In 1999, the government of Papua New Guinean Prime Minister Bill Skate briefly recognised Taiwan. Skate lost power less than a week later, and Papua New Guinea's diplomatic recognition reverted to China.

In 2003, the PRC's embassy in Port Moresby published a statement of concern in reaction to comments in the Papua New Guinean press questioning the justification for PNG's relations with the People's Republic. The embassy statement insisted that relations between the two countries were mutually beneficial, reasserted the PRC's claims to Taiwan, and concluded: "It is our sincere hope that the local [PNG] media will report on China and its relations with PNG in a just and objective way, so as to further enhance the mutual understanding and friendship between the peoples of our two countries."
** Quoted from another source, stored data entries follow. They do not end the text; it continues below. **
lemma trailing_ones_append_tail_word [simp]: "trailing_ones (p @ tail_word m) = m"
proof -
  have "takeWhile id (replicate m True @ False # rev p) = replicate m True"
    by (subst takeWhile_append2) auto
  then show ?thesis unfolding trailing_ones_def by (simp add: tail_word_def)
qed

lemma trailing_ones_decomp:
  assumes "False \<in> set w"
  obtains p where "w = p @ tail_word (trailing_ones w)"
proof -
  let ?d = "dropWhile id (rev w)"
  have "?d \<noteq> []" using assms by auto
  then obtain r where d: "?d = False # r"
    using hd_dropWhile[of id "rev w"] by (cases ?d) auto
  have "takeWhile id (rev w) = replicate (trailing_ones w) True"
    unfolding trailing_ones_def by (rule replicate_length_same[symmetric]) (auto dest: set_takeWhileD)
  then have "rev w = replicate (trailing_ones w) True @ False # r"
    using takeWhile_dropWhile_id[of id "rev w"] d by simp
  from arg_cong[OF this, of rev] show thesis
    by (intro that[of "rev r"]) (simp add: tail_word_def)
qed

lemma trailing_ones_less_length:
  assumes "False \<in> set w"
  shows "trailing_ones w < length w"
proof -
  obtain p where "w = p @ tail_word (trailing_ones w)" using trailing_ones_decomp[OF assms] .
  from arg_cong[OF this, of length] show ?thesis by (simp add: tail_word_def)
qed

lemma suffix_tail_word_iff: "suffix (tail_word m) w \<longleftrightarrow> False \<in> set w \<and> trailing_ones w = m"
proof
  assume "suffix (tail_word m) w"
  then obtain p where w: "w = p @ tail_word m" by (auto simp: suffix_def)
  then have "trailing_ones w = m" by simp
  moreover have "False \<in> set w" using w by (simp add: tail_word_def)
  ultimately show "False \<in> set w \<and> trailing_ones w = m" by blast
next
  assume "False \<in> set w \<and> trailing_ones w = m"
  then show "suffix (tail_word m) w" by (metis trailing_ones_decomp suffixI)
qed

lemma take_append_tail_word:
  assumes "False \<in> set w"
  shows "take (length w - Suc (trailing_ones w)) w @ tail_word (trailing_ones w) = w"
proof -
  obtain p where w: "w = p @ tail_word (trailing_ones w)" using trailing_ones_decomp[OF assms] .
  moreover have "length w - Suc (trailing_ones w) = length p"
    using arg_cong[OF w, of length] by (simp add: tail_word_def)
  ultimately show ?thesis by (metis append_eq_conv_conj)
qed

lemma zero_add_trailing_ones_less:
  assumes "p < length w" "\<not> w ! p"
  shows "p + trailing_ones w < length w"
proof (rule ccontr)
  let ?k = "length w - Suc p"
  assume "\<not> ?thesis"
  then have "?k < length (takeWhile id (rev w))" using assms(1) unfolding trailing_ones_def by simp
  then have "rev w ! ?k" using takeWhile_nth set_takeWhileD nth_mem by (metis id_apply)
  then show False using assms by (simp add: rev_nth)
qed

lemma hom_transp_length: "hom_transp u v \<Longrightarrow> length v = length u"
  unfolding hom_transp_def by auto

lemma hom_transp_sym: "hom_transp u v \<Longrightarrow> hom_transp v u"
  unfolding hom_transp_def
proof (elim exE conjE)
  fix i j assume *: "i < j" "j < length u" "u ! i \<noteq> u ! j"
    "\<forall>k. i < k \<and> k < j \<longrightarrow> \<not> u ! k" "v = u[i := u ! j, j := u ! i]"
  show "\<exists>i j. i < j \<and> j < length v \<and> v ! i \<noteq> v ! j \<and>
        (\<forall>k. i < k \<and> k < j \<longrightarrow> \<not> v ! k) \<and> u = v[i := v ! j, j := v ! i]"
    by (rule exI[of _ i], rule exI[of _ j]) (use * in \<open>auto simp: nth_list_update list_eq_iff_nth_eq\<close>)
qed

lemma hom_transp_has_zero: "hom_transp u v \<Longrightarrow> False \<in> set u"
  unfolding hom_transp_def by (metis (full_types) nth_mem order.strict_trans)

lemma hom_transp_append_cancel:
  assumes h: "hom_transp (p @ t) (q @ t)"
  shows "hom_transp p q"
proof -
  have lq: "length q = length p" using hom_transp_length[OF h] by simp
  from h obtain i j where *: "i < j" "j < length (p @ t)" "(p @ t) ! i \<noteq> (p @ t) ! j"
    "\<forall>k. i < k \<and> k < j \<longrightarrow> \<not> (p @ t) ! k" "q @ t = (p @ t)[i := (p @ t) ! j, j := (p @ t) ! i]"
    unfolding hom_transp_def by blast
  have "j < length p"
  proof (rule ccontr)
    assume "\<not> j < length p"
    then have "(q @ t) ! j = (p @ t) ! j" using lq by (simp add: nth_append)
    then show False using * by simp
  qed
  with * have "q = p[i := p ! j, j := p ! i]" by (simp add: nth_append list_update_append)
  with * \<open>j < length p\<close> show ?thesis
    unfolding hom_transp_def by (intro exI[of _ i] exI[of _ j]) (simp add: nth_append)
qed

text \<open>The last 0 of u moves at most one place to the left: if it is not exchanged it stays,
  if it is exchanged with a later 1 it moves right, and if it is exchanged with an earlier 1
  the position just before it holds a 0 afterwards.\<close>
lemma hom_transp_trailing_ones_le:
  assumes h: "hom_transp u v"
  shows "trailing_ones v \<le> Suc (trailing_ones u)"
proof -
  obtain p where u: "u = p @ tail_word (trailing_ones u)"
    using trailing_ones_decomp[OF hom_transp_has_zero[OF h]] .
  define q where "q = length p"
  have lu: "length u = q + Suc (trailing_ones u)"
    using arg_cong[OF u, of length] unfolding q_def by (simp add: tail_word_def)
  have "\<not> u ! q" unfolding q_def by (subst u) (simp add: tail_word_def)
  from h obtain i j where *: "i < j" "j < length u" "u ! i \<noteq> u ! j"
    "\<forall>k. i < k \<and> k < j \<longrightarrow> \<not> u ! k" "v = u[i := u ! j, j := u ! i]"
    unfolding hom_transp_def by blast
  have "\<exists>r. q \<le> Suc r \<and> r < length v \<and> \<not> v ! r"
  proof (cases "q = i \<or> q = j")
    case False
    then show ?thesis using * \<open>\<not> u ! q\<close> lu by (intro exI[of _ q]) (simp add: nth_list_update)
  next
    case True
    then show ?thesis
    proof
      assume "q = i"
      then show ?thesis using * \<open>\<not> u ! q\<close> by (intro exI[of _ j]) (auto simp: nth_list_update)
    next
      assume "q = j"
      then show ?thesis using * \<open>\<not> u ! q\<close>
        by (intro exI[of _ "j - 1"]) (cases "i = j - 1"; auto simp: nth_list_update)
    qed
  qed
  then obtain r where "q \<le> Suc r" "r < length v" "\<not> v ! r" by blast
  with zero_add_trailing_ones_less[of r v] show ?thesis
    using lu hom_transp_length[OF h] by simp
qed

text \<open>A rise at a followed by a fall at c would make some value occur on both sides of
  a different one.\<close>
lemma unit_step_convex_no_peak:
  fixes g :: "nat \<Rightarrow> int"
  assumes step: "\<forall>x. Suc x < N \<longrightarrow> \<bar>g (Suc x) - g x\<bar> \<le> 1"
    and convex: "\<forall>a c b. a < c \<and> c < b \<and> b < N \<and> g a = g b \<longrightarrow> g c = g a"
    and up: "g a < g (Suc a)" and "a < c" "Suc c < N"
  shows "g c \<le> g (Suc c)"
proof (rule ccontr)
  assume "\<not> ?thesis"
  then have down: "g (Suc c) < g c" by simp
  have step_between: "\<forall>x. Suc a \<le> x \<and> x < Suc c \<longrightarrow> \<bar>g (Suc x) - g x\<bar> \<le> 1"
  proof (intro allI impI)
    fix x assume "Suc a \<le> x \<and> x < Suc c"
    then have "Suc x < N" using \<open>Suc c < N\<close> by simp
    then show "\<bar>g (Suc x) - g x\<bar> \<le> 1" using step by blast
  qed
  show False
  proof (cases "g (Suc a) \<le> g (Suc c)")
    case True
    have "\<forall>x. Suc a \<le> x \<and> x < c \<longrightarrow> \<bar>g (Suc x) - g x\<bar> \<le> 1"
      using step_between by simp
    then obtain d where d: "Suc a \<le> d" "d \<le> c" "g d = g (Suc c)"
      using nat_intermed_int_val[of "Suc a" c g "g (Suc c)"] True down \<open>a < c\<close> by fastforce
    then have "d < c" using down by (cases "d = c") auto
    then show False using convex[rule_format, of d c "Suc c"] \<open>Suc c < N\<close> d(3) down by simp
  next
    case False
    then have "g (Suc c) \<le> g a"
      using step[rule_format, of a] \<open>a < c\<close> \<open>Suc c < N\<close> up by (auto simp: abs_le_iff)
    have "\<forall>x. Suc a \<le> x \<and> x < Suc c \<longrightarrow> \<bar>- g (Suc x) - - g x\<bar> \<le> 1"
      using step_between by (simp add: abs_le_iff)
    then obtain d where d: "Suc a \<le> d" "d \<le> Suc c" "g d = g a"
      using nat_intermed_int_val[of "Suc a" "Suc c" "\<lambda>x. - g x" "- g a"] up \<open>g (Suc c) \<le> g a\<close> \<open>a < c\<close>
      by fastforce
    then have "Suc a < d" using up by (cases "d = Suc a") auto
    then show False using convex[rule_format, of a "Suc a" d] \<open>Suc c < N\<close> d up by simp
  qed
qed

lemma unit_step_convex_monotone:
  fixes g :: "nat \<Rightarrow> int"
  assumes step: "\<forall>x. Suc x < N \<longrightarrow> \<bar>g (Suc x) - g x\<bar> \<le> 1"
    and convex: "\<forall>a c b. a < c \<and> c < b \<and> b < N \<and> g a = g b \<longrightarrow> g c = g a"
  shows "(\<forall>x. Suc x < N \<longrightarrow> g x \<le> g (Suc x)) \<or> (\<forall>x. Suc x < N \<longrightarrow> g (Suc x) \<le> g x)"
proof (rule ccontr)
  assume "\<not> ?thesis"
  then obtain a b where a: "Suc a < N" "g (Suc a) < g a" and b: "Suc b < N" "g b < g (Suc b)"
    unfolding de_Morgan_disj not_all not_imp not_le by blast
  show False
  proof (cases "b < a")
    case True
    with unit_step_convex_no_peak[OF step convex b(2) _ a(1)] a(2) show False by simp
  next
    case False
    moreover have "a \<noteq> b" using a b by auto
    ultimately have "a < b" by simp
    have step': "\<forall>x. Suc x < N \<longrightarrow> \<bar>- g (Suc x) - - g x\<bar> \<le> 1"
      using step by (simp add: abs_le_iff)
    have convex': "\<forall>a c b. a < c \<and> c < b \<and> b < N \<and> - g a = - g b \<longrightarrow> - g c = - g a"
      unfolding neg_equal_iff_equal by (rule convex)
    have "- g a < - g (Suc a)" using a(2) by simp
    from unit_step_convex_no_peak[OF step' convex' this \<open>a < b\<close> b(1)]
    show False using b(2) by simp
  qed
qed

lemma convex_filter_decomp:
  assumes "\<forall>i k j. i < k \<and> k < j \<and> j < length L \<and> P (L ! i) \<and> P (L ! j) \<longrightarrow> P (L ! k)"
  shows "\<exists>xs zs. L = xs @ filter P L @ zs \<and> filter P xs = []"
  using assms
proof (induction L)
  case Nil
  then show ?case by simp
next
  case (Cons x L)
  have "\<forall>i k j. i < k \<and> k < j \<and> j < length L \<and> P (L ! i) \<and> P (L ! j) \<longrightarrow> P (L ! k)"
  proof (intro allI impI)
    fix i k j assume "i < k \<and> k < j \<and> j < length L \<and> P (L ! i) \<and> P (L ! j)"
    then show "P (L ! k)" using Cons.prems[rule_format, of "Suc i" "Suc k" "Suc j"] by simp
  qed
  then obtain xs zs where L: "L = xs @ filter P L @ zs" and xs: "filter P xs = []"
    using Cons.IH by blast
  show ?case
  proof (cases "P x")
    case False
    then show ?thesis using L xs by (intro exI[of _ "x # xs"] exI[of _ zs]) simp
  next
    case True
    consider "xs = []" | "filter P L = []" | "xs \<noteq> []" "filter P L \<noteq> []" by blast
    then show ?thesis
    proof cases
      case 1
      then show ?thesis using L True by (intro exI[of _ "[]"] exI[of _ zs]) simp
    next
      case 2
      then show ?thesis using True by (intro exI[of _ "[]"] exI[of _ L]) simp
    next
      case 3
      \<comment> \<open>x and the first element of filter P L satisfy P, but the head of xs between them does not.\<close>
      have "(x # L) ! Suc (length xs) = hd (filter P L)"
        using 3 by (subst L) (simp add: nth_append hd_conv_nth)
      moreover have "hd (filter P L) \<in> set (filter P L)" using 3(2) by (rule hd_in_set)
      ultimately have "P ((x # L) ! Suc (length xs))" by simp
      moreover have "\<not> P ((x # L) ! 1)"
        using 3 xs by (subst L) (cases xs; auto split: if_splits)
      moreover have "Suc (length xs) < length (x # L)"
        using 3 by (subst L) simp
      moreover have "1 < Suc (length xs)" using 3 by simp
      ultimately show ?thesis
        using Cons.prems[rule_format, of 0 1 "Suc (length xs)"] True by simp
    qed
  qed
qed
Countries which signed cooperation documents related to the Belt and Road Initiative

In July 2003, PNG governor general Sir Silas Atopare visited the PRC, re-affirmed his country's adherence to the "One China" policy, and, according to a statement published by the PRC's embassy, "thank[ed] the government and the people of China for their commitment in providing aid to PNG's development".

In May 2008, Taiwan's foreign minister James Huang resigned, along with two other top officials, after wasting over €19 million in a failed attempt to win diplomatic recognition for the Republic of China from Papua New Guinea. The misuse of the money caused public outrage, forcing Huang's resignation. Papua New Guinea's foreign minister Sam Abal subsequently confirmed that his country had no intention of recognising Taiwan.

A few days later, it was announced that members of the Papua New Guinea Defence Force would receive training provided by the PRC. Traditionally, military training aid in Papua New Guinea had been provided by Western countries, namely, Australia, New Zealand and the United States.

Chinese companies were involved in the redevelopment of the port and airport of Lae.

Papua New Guinea follows the one China principle and considers Taiwan to be "an inalienable part" of China. Papua New Guinea also supports all efforts by the PRC to "achieve national reunification" and opposes Taiwan independence. In mid-July 2026, Papua New Guinea announced the closure of Taiwan's representative office in Port Moresby in order to strengthen relations with China.

In June 2020, Papua New Guinea was one of 53 countries that backed the Hong Kong national security law at the United Nations.